Evidence tiers. Update on contact.

Every claim I put in a recommendation gets graded by the kind of evidence it rests on. The tiers determine whether a claim makes it into a recommendation at all, and how loudly I'll defend it under pushback.

  • Tier A is production evidence: a named operator running the system at scale and reporting what works and what doesn't. Netflix on Iceberg at multi-petabyte scale. Insider's 90% S3 cost reduction. My own engagements count even when the client is anonymized, but a published architecture with no named operator and no one to ask about production reality does not. Tier A claims anchor recommendations.
  • Tier B is peer-reviewed research, analyst reports from Gartner / Forrester / IDC, expert consensus across multiple independent sources, or a controlled first-party benchmark. My ClickHouse result on the Zeek analytical-workload benchmark — 46.8× on the five-query average, 21–62× on the hunting-shaped aggregations, single-node — sits here until a named production deployment corroborates it.
  • Tier C is expert opinion or framework inclusion. Useful but partial, usually a triangulation ingredient rather than the primary source.
  • Tier D is vendor marketing. Excluded by default unless corroborated by Tier A or B evidence.

The update rule: positions evolve when new evidence overturns them.

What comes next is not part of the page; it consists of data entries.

lemma sum_wt_minus_wt_neq_0:
  assumes "set ys \<subseteq> {0..3}" and "a \<le> 3" and "\<not> set ys \<subseteq> {a}"
    and "real r < log 2 (real n) + 6"
    and "\<not> has_run {0, 1} r ys" and "\<not> has_run {2, 3} r ys"
  shows "(\<Sum>y\<leftarrow>ys. wt n y - wt n a) \<noteq> 0"
proof (cases "a = 0 \<or> a = 3 \<or> a = 1 \<and> set ys \<subseteq> {0, 1} \<or> a = 2 \<and> set ys \<subseteq> {2, 3}")
  case True
  with assms(1) have "(\<forall>y\<in>set ys. a \<le> y) \<or> (\<forall>y\<in>set ys. y \<le> a)"
    by fastforce
  with assms(1-3) show ?thesis
    using sum_list_diff_neq_0_if_one_sided[OF strict_mono_on_wt] by simp
next
  case False
  with assms(2) have "a = 1 \<and> \<not> set ys \<subseteq> {0, 1} \<or> a = 2 \<and> \<not> set ys \<subseteq> {2, 3}"
    by linarith
  then show ?thesis
    using sum_wt_minus_wt_1_pos[OF assms(1) _ assms(5,4)] sum_wt_minus_wt_2_neg[OF assms(1) _ assms(6,4)]
    by fastforce
qed

lemma regular_if_no_long_runs:
  assumes "xs \<in> strings n" and "real r < log 2 (real n) + 6"
    and "\<not> has_run {0, 1} r xs" and "\<not> has_run {2, 3} r xs"
  shows "regular xs"
proof (rule regularI)
  fix a ys
  assume "a \<le> 3" and "sublist ys xs" and "\<not> set ys \<subseteq> {a}"
  from assms(1) have "length xs = n" and "set xs \<subseteq> {0..3}"
    by (auto simp: strings_def)
  with \<open>sublist ys xs\<close> have "set ys \<subseteq> {0..3}"
    using set_mono_sublist by blast
  moreover have "\<not> has_run {0, 1} r ys" and "\<not> has_run {2, 3} r ys"
    using assms(3,4) has_run_mono_sublist \<open>sublist ys xs\<close> by blast+
  ultimately show "(\<Sum>y\<leftarrow>ys. wt (length xs) y - wt (length xs) a) \<noteq> 0"
    using sum_wt_minus_wt_neq_0 \<open>a \<le> 3\<close> \<open>\<not> set ys \<subseteq> {a}\<close> assms(2) \<open>length xs = n\<close>
    by blast
qed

Twenty-two contradictions are tracked across the portfolio, each one a place where a prior position got revised on contact with new data. Several of those changed what's in the matrix, what gets recommended in engagements, or how a benchmark gets framed. Surfacing them publicly is part of the deal. The alternative is a research practice that moves the goalposts and hopes no one notices.

Vendor claims get held to the same evidence standard as everyone else's. A vendor who publishes a benchmark with methodology and reproduction code (which is rare) earns Tier B, and reaches Tier A only when a named production deployment stands behind the result. A vendor who publishes a number with no methodology gets a Tier D rating until something independent corroborates it. This page is updated quarterly; significant new evidence gets folded in faster.

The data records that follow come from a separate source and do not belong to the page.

(* Let $a,n\in\mathbb{Z}^+$ with $a>1$. Then $$\sqrt[n]{a} = \lim_{k\to\infty}\frac{(k^{kn}+1)^{kn+1}\bmod (k^{kn^2}-a)}{(k^{kn}+1)^{kn}\bmod (k^{kn^2}-a)} - 1\quad\text{(in }\mathbb{R}),$$ where the limit is over positive integers $k$.
   Context: For integers, $u\bmod m$ denotes the least non-negative remainder of $u$ upon division by $m>0$. $\sqrt[n]{a}$ denotes the positive real $n$-th root of $a$. *)

theory Defs
  imports "HOL-Analysis.Analysis"
begin

end

theory Submission
  imports Defs
begin

text \<open>Write N = k^(kn), so that the modulus is N^n - a. Modulo N^n - a, every power N^i of the
  binomial expansion of (N + 1)^m may be replaced by a^(i div n) N^(i mod n); for m \<le> kn + 1 and
  k large the resulting sum is already smaller than the modulus, hence it is the remainder. Its
  dominant part is N^(n-1) times the sum of binom(m,i) a^(i div n) over i = -1 (mod n), which with
  \<alpha> = a^(1/n) equals \<alpha>/a times the sum of binom(m,i) \<alpha>^i over the same i. By the
  roots-of-unity filter the latter is asymptotic to (1 + \<alpha>)^m / n. The other terms are at most
  N^(n-2) (1 + a)^m, which is negligible because N = k^(kn) outgrows (1 + a)^(kn). So the ratio of
  the remainders for m = kn + 1 and m = kn tends to 1 + \<alpha>.\<close>

definition primitive_root_unity :: "nat \<Rightarrow> complex" where
  "primitive_root_unity n = cis (2 * pi / real n)"

lemma primitive_root_unity_pow_eq_1_iff:
  assumes "n > 0"
  shows "primitive_root_unity n ^ t = 1 \<longleftrightarrow> n dvd t"
proof -
  have "primitive_root_unity n ^ t = exp (2 * of_real pi * \<i> * of_nat t / of_nat n)"
    by (simp add: primitive_root_unity_def cis_conv_exp exp_of_nat_mult [symmetric] mult_ac)
  then show ?thesis
    using complex_root_unity_eq_1 [of n t] assms by simp
qed

lemma norm_primitive_root_unity_pow [simp]: "norm (primitive_root_unity n ^ t) = 1"
  by (simp add: primitive_root_unity_def norm_power)

lemma sum_primitive_root_unity_powers:
  assumes "n > 0"
  shows "(\<Sum>j<n. (primitive_root_unity n ^ t) ^ j) = (if n dvd t then of_nat n else 0)"
proof (cases "n dvd t")
  case True
  then have "primitive_root_unity n ^ t = 1"
    using primitive_root_unity_pow_eq_1_iff [OF assms] by simp
  then show ?thesis
    using True by simp
next
  case False
  have "(primitive_root_unity n ^ t) ^ n = (primitive_root_unity n ^ n) ^ t"
    by (simp flip: power_mult add: mult.commute)
  also have "\<dots> = 1"
    using primitive_root_unity_pow_eq_1_iff [OF assms, of n] by simp
  finally show ?thesis
    using False primitive_root_unity_pow_eq_1_iff [OF assms, of t] by (simp add: sum_gp_strict)
qed

lemma binomial_ring_one:
  fixes x :: "'a::comm_semiring_1"
  shows "(1 + x) ^ m = (\<Sum>i\<le>m. of_nat (m choose i) * x ^ i)"
  using binomial_ring [of x 1 m] by (simp add: add.commute)

definition binomial_residue_sum :: "nat \<Rightarrow> nat \<Rightarrow> real \<Rightarrow> real" where
  "binomial_residue_sum n m x = (\<Sum>i\<le>m. if n dvd i + 1 then real (m choose i) * x ^ i else 0)"

lemma roots_of_unity_filter:
  assumes n: "n > 0"
  defines "\<omega> \<equiv> primitive_root_unity n"
  shows "of_nat n * of_real (binomial_residue_sum n m x)
       = (\<Sum>j<n. \<omega> ^ j * (1 + of_real x * \<omega> ^ j) ^ m)"
proof -
  have "(\<Sum>j<n. \<omega> ^ j * (1 + of_real x * \<omega> ^ j) ^ m)
      = (\<Sum>j<n. \<Sum>i\<le>m. of_nat (m choose i) * of_real x ^ i * (\<omega> ^ (i + 1)) ^ j)"
    by (simp only: binomial_ring_one sum_distrib_left)
      (simp add: power_mult_distrib power_add ring_distribs mult_ac flip: power_mult)
  also have "\<dots> = (\<Sum>i\<le>m. of_nat (m choose i) * of_real x ^ i * (\<Sum>j<n. (\<omega> ^ (i + 1)) ^ j))"
    by (subst sum.swap) (simp add: sum_distrib_left)
  also have "\<dots> = of_nat n * of_real (binomial_residue_sum n m x)"
    unfolding \<omega>_def sum_primitive_root_unity_powers [OF n]
    by (simp add: binomial_residue_sum_def sum_distrib_left if_distrib mult_ac cong: if_cong)
  finally show ?thesis ..
qed

lemma norm_one_plus_unit_less:
  fixes z :: complex
  assumes "norm z = 1" "z \<noteq> 1" "x > 0"
  shows "norm (1 + of_real x * z) < 1 + x"
proof -
  have "norm (1 + of_real x * z) \<le> norm (1 :: complex) + norm (of_real x * z)"
    by (rule norm_triangle_ineq)
  moreover have "norm (1 + of_real x * z) \<noteq> norm (1 :: complex) + norm (of_real x * z)"
  proof
    assume "norm (1 + of_real x * z) = norm (1 :: complex) + norm (of_real x * z)"
    then have "norm (1 :: complex) *\<^sub>R (of_real x * z) = norm (of_real x * z) *\<^sub>R 1"
      by (rule norm_triangle_eq [THEN iffD1])
    then have "of_real x * z = of_real x"
      using assms by (simp add: norm_mult scaleR_conv_of_real)
    then show False
      using assms by simp
  qed
  ultimately show ?thesis
    using assms by (simp add: norm_mult)
qed

lemma binomial_residue_sum_asymptotic:
  assumes n: "n > 0" and x: "x > 0"
  shows "(\<lambda>m. binomial_residue_sum n m x / (1 + x) ^ m) \<longlonglongrightarrow> 1 / real n"
proof -
  define \<omega> where "\<omega> = primitive_root_unity n"
  have norm_1x: "norm (1 + complex_of_real x) = 1 + x"
    using x by (metis norm_of_real of_real_1 of_real_add abs_of_pos add_pos_pos zero_less_one)
  have "(\<lambda>m. \<omega> ^ j * ((1 + of_real x * \<omega> ^ j) / (1 + of_real x)) ^ m)
          \<longlonglongrightarrow> (if j = 0 then 1 else 0)" if "j < n" for j
  proof (cases "j = 0")
    case True
    then show ?thesis
      using norm_1x x by (auto simp del: norm_of_real)
  next
    case False
    then have "\<omega> ^ j \<noteq> 1"
      using primitive_root_unity_pow_eq_1_iff [OF n, of j] \<open>j < n\<close> by (auto simp: \<omega>_def dest: dvd_imp_le)
    then have "norm ((1 + of_real x * \<omega> ^ j) / (1 + of_real x)) < 1"
      using norm_one_plus_unit_less [of "\<omega> ^ j" x] x norm_1x by (simp add: \<omega>_def norm_divide)
    then show ?thesis
      using False by (simp add: tendsto_mult_right_zero LIMSEQ_power_zero)
  qed
  then have "(\<lambda>m. \<Sum>j<n. \<omega> ^ j * ((1 + of_real x * \<omega> ^ j) / (1 + of_real x)) ^ m)
               \<longlonglongrightarrow> (\<Sum>j<n. if j = 0 then 1 else 0)"
    by (intro tendsto_sum) simp
  also have "(\<lambda>m. \<Sum>j<n. \<omega> ^ j * ((1 + of_real x * \<omega> ^ j) / (1 + of_real x)) ^ m)
           = (\<lambda>m. of_real (real n * (binomial_residue_sum n m x / (1 + x) ^ m)))"
    by (simp add: roots_of_unity_filter [OF n] \<omega>_def power_divide
        flip: sum_divide_distrib)
  also have "(\<Sum>j<n. if j = 0 then 1 else 0) = (of_real 1 :: complex)"
    using n by simp
  finally have "(\<lambda>m. real n * (binomial_residue_sum n m x / (1 + x) ^ m)) \<longlonglongrightarrow> 1"
    by (simp only: tendsto_of_real_iff)
  from tendsto_divide [OF this tendsto_const, of "real n"] show ?thesis
    using n by simp
qed

definition binomial_reduced :: "nat \<Rightarrow> nat \<Rightarrow> nat \<Rightarrow> 'a::comm_semiring_1 \<Rightarrow> 'a" where
  "binomial_reduced a n m N = (\<Sum>i\<le>m. of_nat (m choose i) * of_nat a ^ (i div n) * N ^ (i mod n))"

lemma of_int_binomial_reduced [simp]:
  "of_int (binomial_reduced a n m N) = binomial_reduced a n m (of_int N)"
  by (simp add: binomial_reduced_def)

Read more on the method →. The contradiction-hunting workflow, the five patterns 25 hypotheses (the methodology-validation sample) revealed about vendor claims, and the four practices that move the floor on architecture decisions.

Active research — anchor hypotheses

Anchor hypotheses, with the evidence each one rests on.

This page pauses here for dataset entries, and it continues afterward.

(* Let $q \in (0,1)$ and $p = 1-q$. For any $x \in \{0,1\}^n$, any $l \ge 1$, any $w \in \{0,1\}^l$, and any $z_0,\dots,z_{l-1} \in \mathbb{C}$, if $U$ denotes a random trace of $x$ with deletion probability $q$, then $$\mathbb{E}_x\left[p^{-1} \sum_{j_0 < \dots < j_{l-1}} \left(\prod_{i=0}^{l-1} 1_{U_{j_i} = w_i}\right)\left(\frac{z_0-q}{p}\right)^{j_0}\left(\prod_{i=1}^{l-1} \left(\frac{z_i-q}{p}\right)^{j_i-j_{i-1}-1}\right)\right] = \sum_{k_0 < \dots < k_{l-1}} \left(\prod_{i=0}^{l-1} 1_{x_{k_i}=w_i}\right) z_0^{k_0}\left(\prod_{i=1}^{l-1} z_i^{k_i-k_{i-1}-1}\right),$$ where the sums run over strictly increasing tuples of indices in $\{0,\dots,n-1\}$.
   Context: A trace of $x \in \{0,1\}^n$ is obtained by deleting each bit of $x$ independently with probability $q$ and concatenating the remaining bits in order. Strings are indexed starting at $0$. For a trace $U$ and an index $j$ not less than the length of $U$, $U_j$ is defined to be $2$, so that the events $U_j = 0$ and $U_j = 1$ are both false. $\mathbb{E}_x$ denotes expectation over the random trace $U$ of $x$. The convention $0^0 = 1$ is used. *)

theory Defs
  imports "HOL-Probability.Probability"
begin

text \<open>Bits are represented as natural numbers in {0,1}.\<close>

definition trace_pmf :: "real \<Rightarrow> nat list \<Rightarrow> nat list pmf" where
  "trace_pmf q x =
     map_pmf (\<lambda>keep. nths x {i. keep i})
       (Pi_pmf {..<length x} False (\<lambda>_. bernoulli_pmf (1 - q)))"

Selected from the 70+ hypothesis portfolio (the 25 carried through full methodology validation are described on the methodology page). These are the claims most likely to show up in an engagement recommendation, including one per foundational standard (Arrow, Iceberg, OCSF, Sigma). Each card names what would change the answer.

H3-PERFORMANCE-01 · Tier B · 4.5/5

ClickHouse runs hunting-shaped aggregations 21–62× faster than a schema-on-read SIEM, 46.8× on the five-query average.

On a 10-million-event synthetic Zeek conn corpus, identical hardware and queries, ClickHouse native MergeTree runs the hunting-shaped aggregations 21–62× faster than OpenSearch as the schema-on-read foil (top-source-IPs 21×, port-scan 62×), 46.8× on the five-query average — answer-equality verified, a single-node measurement so far (Beelink 5800H, WSL2; Tier B, 2026-06-10). The average hides a clean split by query shape: the index actually wins the simple lookups (protocol-distribution 3.4×, long-duration 1.8× in OpenSearch's favor). The open-format Iceberg engines on the same workload came in at 3.6–10.1×, which is the price of keeping the storage layer swappable. The columnar store under ZSTD-22 compresses 8.2× over raw JSON — the layout and the codec together, not the codec alone. Methodology and result are public; the reference implementation is shared under NDA with engagement prospects and qualifying reviewers. You can see how this evidence rolls up into a recommendation on the worked scorecard.

The counter-position runs along two lines. First, "ClickHouse isn't a SIEM" — true, but the comparison is on query-engine performance against the same workload, not against the broader SIEM feature set. Second, "the workload was selected to favor columnar storage." The workload is a Zeek deployment shape, and the result generalizes most cleanly to security workloads dominated by a small number of recurring queries. A workload dominated by ad-hoc full-text search across raw events would narrow the gap.

What would change the answer: an independent benchmark on a workload with a meaningfully different shape where the schema-on-read engine closes the gap, or evidence that the ClickHouse result fails to reproduce on different hardware.

H1-COST-02 · Tier C · 3/5

Modern security data platforms cut downstream licensing costs 50–80%.

The 50–80% reduction is what a security data pipeline platform (Cribl, Tenzir, Vector, or equivalent) saves on the SIEM licensing line by filtering, downsampling, and routing at ingest, before the per-GB clock starts running. I anchor the magnitude to my own first-party MOAR cost model — a transparent $/effective-GB build re-run against client data — and to the pipeline vendors' own published customer reductions, not to a survey.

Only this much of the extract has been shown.